Data for this exercise START

(* Let $S$ be a group. Let $\{G_j\}_{j\in J}$ be a family of proper subgroups $G_j\subset S$ containing exactly one subgroup from each conjugacy class of proper non-normal subgroups of $S$, and let $\{N_m\}_{m\in M}$ be the family of all proper normal subgroups of $S$. Then for every left $S$-act $A$, the geometric equivalence class $[A]=\{B : B \text{ is an } S\text{-act}, B\overset{\triangle}{\sim} A\}$ has a representation of exactly one of the following three types: (i) $[A]=\big[\coprod_{k\in K}\overline{G_k}^{(\ast)2}\amalg\coprod_{t\in T}\overline{G_t}\amalg\coprod_{l\in L}\overline{N_l}\big]$ for some subsets $K,T\subseteq J$ with $K\cap T=\emptyset$ and $L\subseteq M$; (ii) $[A]=\big[\coprod_{k\in K}\overline{G_k}\amalg\coprod_{l\in L}\overline{N_l}\amalg z\big]$ for some $K\subseteq J$, $L\subseteq M$; (iii) $[A]=\big[\coprod_{k\in K}\overline{G_k}\amalg\coprod_{l\in L}\overline{N_l}\amalg z_1\amalg z_2\big]$ for some $K\subseteq J$, $L\subseteq M$. (That is, $A$ is geometrically equivalent to an $S$-act of one of these forms, and $[A]$ does not admit representations of two different types.)
   Context: For a monoid $S$, a left $S$-act is a nonempty set $A$ with a map $S\times A\to A$, $(s,a)\mapsto sa$, such that $1a=a$ and $(st)a=s(ta)$; homomorphisms are maps $f$ with $f(sa)=sf(a)$. Coproducts $\amalg$ of $S$-acts are disjoint unions with the induced action. For a nonempty finite set $X$, $F_X=\coprod_{x\in X}S_x$ is the free $S$-act on $X$ (a disjoint union of copies of the left regular act ${}_SS$). For an $S$-act $G$ and a binary relation $T\subseteq F_X\times F_X$, let $T'_G=\{\mu:F_X\to G \text{ homomorphism} : T\subseteq \ker\mu\}$ and $T''_G=\bigcap_{\mu\in T'_G}\ker\mu$ (the empty intersection being $F_X\times F_X$). Two $S$-acts $G_1,G_2$ are geometrically equivalent, $G_1\overset{\triangle}{\sim}G_2$, iff $T''_{G_1}=T''_{G_2}$ for every nonempty finite $X$ and every relation $T\subseteq F_X\times F_X$. For a subgroup $H$ of a group $S$, $\overline{H}={}_SS/H$ is the $S$-act of left cosets $tH$ with $s\cdot tH=stH$. For an $S$-act $A$, $A^{(\ast)I}=\coprod_{i\in I}A_i$ with each $A_i=A$; in particular $A^{(\ast)2}=A\amalg A$. The symbols $z,z_1,z_2$ denote one-element $S$-acts. *)

theory Defs
  imports "HOL-Algebra.Algebra"
begin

Data for this exercise END

[Work request] Without leaving out a single line, retype the material above exactly.

[Task answer]
(* Let $S$ be a group. Let $\{G_j\}_{j\in J}$ be a family of proper subgroups $G_j\subset S$ containing exactly one subgroup from each conjugacy class of proper non-normal subgroups of $S$, and let $\{N_m\}_{m\in M}$ be the family of all proper normal subgroups of $S$. Then for every left $S$-act $A$, the geometric equivalence class $[A]=\{B : B \text{ is an } S\text{-act}, B\overset{\triangle}{\sim} A\}$ has a representation of exactly one of the following three types: (i) $[A]=\big[\coprod_{k\in K}\overline{G_k}^{(\ast)2}\amalg\coprod_{t\in T}\overline{G_t}\amalg\coprod_{l\in L}\overline{N_l}\big]$ for some subsets $K,T\subseteq J$ with $K\cap T=\emptyset$ and $L\subseteq M$; (ii) $[A]=\big[\coprod_{k\in K}\overline{G_k}\amalg\coprod_{l\in L}\overline{N_l}\amalg z\big]$ for some $K\subseteq J$, $L\subseteq M$; (iii) $[A]=\big[\coprod_{k\in K}\overline{G_k}\amalg\coprod_{l\in L}\overline{N_l}\amalg z_1\amalg z_2\big]$ for some $K\subseteq J$, $L\subseteq M$. (That is, $A$ is geometrically equivalent to an $S$-act of one of these forms, and $[A]$ does not admit representations of two different types.)
   Context: For a monoid $S$, a left $S$-act is a nonempty set $A$ with a map $S\times A\to A$, $(s,a)\mapsto sa$, such that $1a=a$ and $(st)a=s(ta)$; homomorphisms are maps $f$ with $f(sa)=sf(a)$. Coproducts $\amalg$ of $S$-acts are disjoint unions with the induced action. For a nonempty finite set $X$, $F_X=\coprod_{x\in X}S_x$ is the free $S$-act on $X$ (a disjoint union of copies of the left regular act ${}_SS$). For an $S$-act $G$ and a binary relation $T\subseteq F_X\times F_X$, let $T'_G=\{\mu:F_X\to G \text{ homomorphism} : T\subseteq \ker\mu\}$ and $T''_G=\bigcap_{\mu\in T'_G}\ker\mu$ (the empty intersection being $F_X\times F_X$). Two $S$-acts $G_1,G_2$ are geometrically equivalent, $G_1\overset{\triangle}{\sim}G_2$, iff $T''_{G_1}=T''_{G_2}$ for every nonempty finite $X$ and every relation $T\subseteq F_X\times F_X$. For a subgroup $H$ of a group $S$, $\overline{H}={}_SS/H$ is the $S$-act of left cosets $tH$ with $s\cdot tH=stH$. For an $S$-act $A$, $A^{(\ast)I}=\coprod_{i\in I}A_i$ with each $A_i=A$; in particular $A^{(\ast)2}=A\amalg A$. The symbols $z,z_1,z_2$ denote one-element $S$-acts. *)

theory Defs
  imports "HOL-Algebra.Algebra"
begin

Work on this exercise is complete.